/---

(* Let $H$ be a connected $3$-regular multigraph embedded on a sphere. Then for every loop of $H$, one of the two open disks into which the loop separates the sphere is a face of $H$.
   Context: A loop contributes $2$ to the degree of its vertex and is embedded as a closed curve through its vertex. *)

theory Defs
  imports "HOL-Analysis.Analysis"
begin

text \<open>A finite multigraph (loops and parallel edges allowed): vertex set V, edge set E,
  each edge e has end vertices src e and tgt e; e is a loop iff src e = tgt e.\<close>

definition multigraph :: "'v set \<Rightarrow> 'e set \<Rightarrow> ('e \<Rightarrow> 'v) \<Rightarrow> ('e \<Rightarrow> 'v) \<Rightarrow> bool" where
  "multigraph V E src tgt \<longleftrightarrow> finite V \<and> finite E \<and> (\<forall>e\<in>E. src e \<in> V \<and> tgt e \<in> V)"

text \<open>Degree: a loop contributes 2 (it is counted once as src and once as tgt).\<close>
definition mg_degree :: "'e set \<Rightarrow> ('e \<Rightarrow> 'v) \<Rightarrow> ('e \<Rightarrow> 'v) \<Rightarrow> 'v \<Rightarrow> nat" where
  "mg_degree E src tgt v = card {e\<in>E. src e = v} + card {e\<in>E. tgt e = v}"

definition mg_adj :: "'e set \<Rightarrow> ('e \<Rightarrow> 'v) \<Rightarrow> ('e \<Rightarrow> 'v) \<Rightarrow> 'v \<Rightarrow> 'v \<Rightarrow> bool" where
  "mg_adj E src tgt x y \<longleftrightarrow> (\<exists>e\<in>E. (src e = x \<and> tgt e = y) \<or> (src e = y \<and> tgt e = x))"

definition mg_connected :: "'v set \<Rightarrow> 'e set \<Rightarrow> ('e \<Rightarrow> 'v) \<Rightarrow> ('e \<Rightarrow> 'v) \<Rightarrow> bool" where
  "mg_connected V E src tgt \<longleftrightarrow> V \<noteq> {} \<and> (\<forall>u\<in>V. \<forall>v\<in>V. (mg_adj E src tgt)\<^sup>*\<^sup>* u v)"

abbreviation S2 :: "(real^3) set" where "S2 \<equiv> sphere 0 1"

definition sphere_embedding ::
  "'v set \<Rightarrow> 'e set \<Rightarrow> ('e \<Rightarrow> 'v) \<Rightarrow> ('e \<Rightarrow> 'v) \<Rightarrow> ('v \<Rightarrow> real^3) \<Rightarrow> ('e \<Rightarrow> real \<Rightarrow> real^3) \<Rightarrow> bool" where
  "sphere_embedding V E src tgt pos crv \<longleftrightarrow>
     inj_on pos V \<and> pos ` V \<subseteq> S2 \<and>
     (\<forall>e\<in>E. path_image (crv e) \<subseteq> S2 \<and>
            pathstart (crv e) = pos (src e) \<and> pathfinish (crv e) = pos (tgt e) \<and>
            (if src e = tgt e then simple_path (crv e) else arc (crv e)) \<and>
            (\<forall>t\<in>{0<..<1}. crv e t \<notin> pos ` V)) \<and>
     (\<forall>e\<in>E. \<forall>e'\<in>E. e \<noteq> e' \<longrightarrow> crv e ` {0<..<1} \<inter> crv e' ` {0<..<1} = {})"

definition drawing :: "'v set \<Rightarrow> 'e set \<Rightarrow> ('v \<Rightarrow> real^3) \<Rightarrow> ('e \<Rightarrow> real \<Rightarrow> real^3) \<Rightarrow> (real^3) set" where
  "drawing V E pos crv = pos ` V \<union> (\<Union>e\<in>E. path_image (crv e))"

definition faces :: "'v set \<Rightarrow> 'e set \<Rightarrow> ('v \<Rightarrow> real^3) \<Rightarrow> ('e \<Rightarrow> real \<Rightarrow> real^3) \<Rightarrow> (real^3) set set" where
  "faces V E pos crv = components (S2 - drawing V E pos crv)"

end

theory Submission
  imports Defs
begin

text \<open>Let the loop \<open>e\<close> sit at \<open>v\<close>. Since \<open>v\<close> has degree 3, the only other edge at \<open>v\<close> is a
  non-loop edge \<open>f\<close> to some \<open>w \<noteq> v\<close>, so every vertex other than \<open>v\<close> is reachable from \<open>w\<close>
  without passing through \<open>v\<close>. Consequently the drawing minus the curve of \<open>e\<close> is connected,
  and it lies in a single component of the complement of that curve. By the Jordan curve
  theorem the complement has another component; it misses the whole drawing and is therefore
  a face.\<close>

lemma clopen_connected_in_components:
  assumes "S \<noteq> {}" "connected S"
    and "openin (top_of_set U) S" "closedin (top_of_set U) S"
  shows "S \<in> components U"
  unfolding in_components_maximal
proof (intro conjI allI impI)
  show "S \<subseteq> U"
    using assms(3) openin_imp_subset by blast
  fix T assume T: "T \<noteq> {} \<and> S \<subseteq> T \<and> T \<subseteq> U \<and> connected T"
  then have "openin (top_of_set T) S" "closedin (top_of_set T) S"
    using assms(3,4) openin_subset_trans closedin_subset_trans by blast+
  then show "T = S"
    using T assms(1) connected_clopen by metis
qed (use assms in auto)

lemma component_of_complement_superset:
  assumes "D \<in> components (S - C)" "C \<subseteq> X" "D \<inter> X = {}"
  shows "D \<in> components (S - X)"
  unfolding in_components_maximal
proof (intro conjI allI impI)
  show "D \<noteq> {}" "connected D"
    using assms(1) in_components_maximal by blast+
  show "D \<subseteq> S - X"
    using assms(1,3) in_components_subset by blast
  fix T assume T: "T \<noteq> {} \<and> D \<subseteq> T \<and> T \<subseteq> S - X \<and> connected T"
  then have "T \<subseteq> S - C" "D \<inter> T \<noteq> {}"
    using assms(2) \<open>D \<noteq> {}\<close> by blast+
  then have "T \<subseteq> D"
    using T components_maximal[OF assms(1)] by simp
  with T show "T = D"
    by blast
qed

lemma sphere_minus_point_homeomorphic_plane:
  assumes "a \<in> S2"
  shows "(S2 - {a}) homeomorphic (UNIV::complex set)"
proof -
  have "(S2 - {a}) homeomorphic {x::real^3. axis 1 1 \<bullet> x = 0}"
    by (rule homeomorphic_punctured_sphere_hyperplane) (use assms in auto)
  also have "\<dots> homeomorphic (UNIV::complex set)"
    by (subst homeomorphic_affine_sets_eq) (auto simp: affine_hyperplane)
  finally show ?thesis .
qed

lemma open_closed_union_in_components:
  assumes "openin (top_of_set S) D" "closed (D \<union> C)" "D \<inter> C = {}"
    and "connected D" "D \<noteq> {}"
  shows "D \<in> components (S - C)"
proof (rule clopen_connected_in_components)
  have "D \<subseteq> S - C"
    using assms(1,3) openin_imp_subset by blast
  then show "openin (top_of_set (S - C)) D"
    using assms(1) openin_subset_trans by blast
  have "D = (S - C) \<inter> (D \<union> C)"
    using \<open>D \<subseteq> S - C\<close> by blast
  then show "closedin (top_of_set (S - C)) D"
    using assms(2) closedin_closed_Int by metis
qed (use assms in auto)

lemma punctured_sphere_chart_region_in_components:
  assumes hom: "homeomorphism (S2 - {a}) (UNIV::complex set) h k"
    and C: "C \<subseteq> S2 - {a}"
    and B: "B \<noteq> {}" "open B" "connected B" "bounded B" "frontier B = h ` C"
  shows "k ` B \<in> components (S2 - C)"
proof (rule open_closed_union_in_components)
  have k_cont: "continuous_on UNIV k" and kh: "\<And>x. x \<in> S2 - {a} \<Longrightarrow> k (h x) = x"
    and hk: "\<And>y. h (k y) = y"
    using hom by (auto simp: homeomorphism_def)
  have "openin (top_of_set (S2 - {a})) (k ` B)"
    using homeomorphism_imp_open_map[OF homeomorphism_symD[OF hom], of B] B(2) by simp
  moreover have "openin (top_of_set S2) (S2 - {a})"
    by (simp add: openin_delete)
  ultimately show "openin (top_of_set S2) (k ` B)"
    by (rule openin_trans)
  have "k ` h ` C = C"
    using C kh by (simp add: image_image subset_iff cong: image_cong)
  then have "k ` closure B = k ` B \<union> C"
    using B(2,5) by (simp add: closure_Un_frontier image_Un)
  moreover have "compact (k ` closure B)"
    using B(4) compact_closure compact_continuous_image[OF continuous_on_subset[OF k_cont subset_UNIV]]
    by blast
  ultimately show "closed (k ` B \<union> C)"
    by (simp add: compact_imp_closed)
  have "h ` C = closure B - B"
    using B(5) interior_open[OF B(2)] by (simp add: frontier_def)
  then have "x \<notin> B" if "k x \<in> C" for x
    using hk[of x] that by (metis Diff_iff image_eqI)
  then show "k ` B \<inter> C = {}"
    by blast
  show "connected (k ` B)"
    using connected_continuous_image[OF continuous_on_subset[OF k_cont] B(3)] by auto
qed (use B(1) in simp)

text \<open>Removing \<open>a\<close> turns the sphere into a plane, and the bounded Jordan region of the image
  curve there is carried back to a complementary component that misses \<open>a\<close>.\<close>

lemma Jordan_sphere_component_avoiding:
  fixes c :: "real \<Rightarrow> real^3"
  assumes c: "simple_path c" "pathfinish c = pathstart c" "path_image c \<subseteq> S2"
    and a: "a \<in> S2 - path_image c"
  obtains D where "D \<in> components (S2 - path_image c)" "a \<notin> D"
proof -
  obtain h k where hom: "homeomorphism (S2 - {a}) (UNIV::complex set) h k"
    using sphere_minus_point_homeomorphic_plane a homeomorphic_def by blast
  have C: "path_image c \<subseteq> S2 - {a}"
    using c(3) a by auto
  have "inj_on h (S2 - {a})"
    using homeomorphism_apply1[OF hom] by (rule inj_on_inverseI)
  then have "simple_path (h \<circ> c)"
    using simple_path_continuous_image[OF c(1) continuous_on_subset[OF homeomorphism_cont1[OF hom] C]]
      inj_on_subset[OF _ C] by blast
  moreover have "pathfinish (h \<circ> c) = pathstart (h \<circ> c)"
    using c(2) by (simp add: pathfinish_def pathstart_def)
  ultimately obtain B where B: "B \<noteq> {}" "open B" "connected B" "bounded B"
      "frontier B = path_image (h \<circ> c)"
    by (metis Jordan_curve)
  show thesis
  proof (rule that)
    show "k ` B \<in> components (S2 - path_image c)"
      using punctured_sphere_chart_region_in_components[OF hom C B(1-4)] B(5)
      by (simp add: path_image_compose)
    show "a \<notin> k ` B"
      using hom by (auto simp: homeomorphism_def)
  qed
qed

\---

> _Work required_:
The exact lines of the material above starting at the one that contains "(if src e = tgt" and ending at the one that contains "V \<union> (\<Union>e\<in>E." are what to retype; leave out everything else.

> _Response to this task_:
            (if src e = tgt e then simple_path (crv e) else arc (crv e)) \<and>
            (\<forall>t\<in>{0<..<1}. crv e t \<notin> pos ` V)) \<and>
     (\<forall>e\<in>E. \<forall>e'\<in>E. e \<noteq> e' \<longrightarrow> crv e ` {0<..<1} \<inter> crv e' ` {0<..<1} = {})"

definition drawing :: "'v set \<Rightarrow> 'e set \<Rightarrow> ('v \<Rightarrow> real^3) \<Rightarrow> ('e \<Rightarrow> real \<Rightarrow> real^3) \<Rightarrow> (real^3) set" where
  "drawing V E pos crv = pos ` V \<union> (\<Union>e\<in>E. path_image (crv e))"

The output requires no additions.